PROBLEM REQUIREMENTS — Search the entries below for the string "assumes" and give the number of lines that hold it, nothing else.
--------------------------------------------------
lemma cinner_Upow_Upow: "cinner (Upow U n x) (Upow U n y) = cinner x y"
  by (simp add: Upow_def cinner_funpow_isometry cinner_U_U cinner_inv_U_inv_U)

lemma Upow_wandering_orthogonal:
  "m \<noteq> n \<Longrightarrow> x \<in> W0 \<Longrightarrow> y \<in> W0 \<Longrightarrow> cinner (Upow U m x) (Upow U n y) = 0"
  using shift by (simp add: bilateral_shift_def)

lemma Upow_wandering_in_orth_compl: "n \<noteq> 0 \<Longrightarrow> w \<in> W0 \<Longrightarrow> Upow U n w \<in> orth_compl W0"
  using Upow_wandering_orthogonal[of 0 n] by (auto simp: orth_compl_def Upow_def)

lemma wandering_coeff_zero:
  assumes w: "w \<in> W0" and "s \<noteq> 0"
    and mono: "\<And>k. cmod (cinner (Upow U (m + s * int k) w) f)
                    \<le> cmod (cinner (Upow U (m + s * int (Suc k)) w) f)"
  shows "cinner (Upow U m w) f = 0"
  using orthogonal_coeffs_nondecreasing_imp_zero[where e = "\<lambda>k. Upow U (m + s * int k) w"
      and r = "norm w" and f = f] mono \<open>s \<noteq> 0\<close>
    Upow_wandering_orthogonal[OF _ w w] norm_eq_if_cinner_self_eq[OF cinner_Upow_Upow]
  by simp

lemma defect_iff:
  "x \<in> defect S c \<longleftrightarrow>
     (\<forall>g\<in>orth_compl W0. (- \<i> - cnj c) * cinner (U g) x + (cnj c - \<i>) * cinner g x = 0)"
proof -
  have "{v - scaleC c u | u v. (u, v) \<in> S}
          = (\<lambda>g. scaleC \<i> (U g + g) - scaleC c (U g - g)) ` orth_compl W0"
    by (auto simp: phillips_graph_def)
  moreover have "cinner (scaleC \<i> (U g + g) - scaleC c (U g - g)) x
                   = (- \<i> - cnj c) * cinner (U g) x + (cnj c - \<i>) * cinner g x" for g
    by (simp add: cinner_diff_left cinner_add_left cinner_scaleC_left algebra_simps)
  ultimately show ?thesis
    by (simp add: defect_def orth_compl_def)
qed

lemma defect_minus_i_iff: "x \<in> defect S (- \<i>) \<longleftrightarrow> (\<forall>g\<in>orth_compl W0. cinner (U g) x = 0)"
  by (simp add: defect_iff)

lemma defect_i_iff: "x \<in> defect S \<i> \<longleftrightarrow> (\<forall>g\<in>orth_compl W0. cinner g x = 0)"
  by (simp add: defect_iff)

lemma defect_diff: "x \<in> defect S c \<Longrightarrow> y \<in> defect S c \<Longrightarrow> x - y \<in> defect S c"
  unfolding defect_def by (rule orth_compl_diff)

lemma op_dom_phillips: "op_dom S = {U g - g | g. g \<in> orth_compl W0}"
  by (auto simp: op_dom_def phillips_graph_def image_def)

text \<open>Pairing the relation with \<open>U^(n+1) w\<close>, \<open>n \<notin> {0, -1}\<close>, kills \<open>a\<close> and \<open>b\<close>, so the
  coefficients of \<open>g\<close> along each half of the orbit of \<open>w\<close> are constant and hence zero.\<close>

lemma domain_part_orthogonal_to_orbit:
  assumes g: "g \<in> orth_compl W0" and a: "a \<in> defect S (- \<i>)" and b: "b \<in> defect S \<i>"
    and sum: "U g - g + a + b = 0" and w: "w \<in> W0"
  shows "cinner (U w) g = 0" and "cinner (inv U w) g = 0"
proof -
  have step: "cinner (Upow U n w) g = cinner (Upow U (n + 1) w) g" if "n \<noteq> 0" "n + 1 \<noteq> 0" for n
  proof -
    let ?z = "Upow U (n + 1) w"
    have "cinner ?z (U g - g + a + b) = 0" using sum by simp
    moreover have "cinner ?z (U g) = cinner (Upow U n w) g"
      by (metis U_Upow cinner_U_U)
    moreover have "cinner ?z a = 0"
      using a Upow_wandering_in_orth_compl[OF that(1) w] U_Upow[of n w]
      by (metis defect_minus_i_iff)
    moreover have "cinner ?z b = 0"
      using b Upow_wandering_in_orth_compl[OF that(2) w] defect_i_iff by blast
    ultimately show ?thesis by (simp add: cinner_add_right cinner_diff_right)
  qed
  have "cinner (Upow U 1 w) g = 0"
  proof (rule wandering_coeff_zero[OF w, where s = 1])
    fix k :: nat
    have "1 + 1 * int (Suc k) = (1 + int k) + 1" by simp
    then show "cmod (cinner (Upow U (1 + 1 * int k) w) g)
                 \<le> cmod (cinner (Upow U (1 + 1 * int (Suc k)) w) g)"
      using step[of "1 + int k"] by simp
  qed simp
  then show "cinner (U w) g = 0" by (simp add: Upow_def)
  have "cinner (Upow U (- 1) w) g = 0"
  proof (rule wandering_coeff_zero[OF w, where s = "- 1"])
    fix k :: nat
    have "- 1 + - 1 * int k = (- 1 + - 1 * int (Suc k)) + 1" by simp
    then show "cmod (cinner (Upow U (- 1 + - 1 * int k) w) g)
                 \<le> cmod (cinner (Upow U (- 1 + - 1 * int (Suc k)) w) g)"
      using step[of "- 1 + - 1 * int (Suc k)"] by simp
  qed simp
  then show "cinner (inv U w) g = 0" by (simp add: Upow_def)
qed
--------------------------------------------------
RESULT BELOW — 2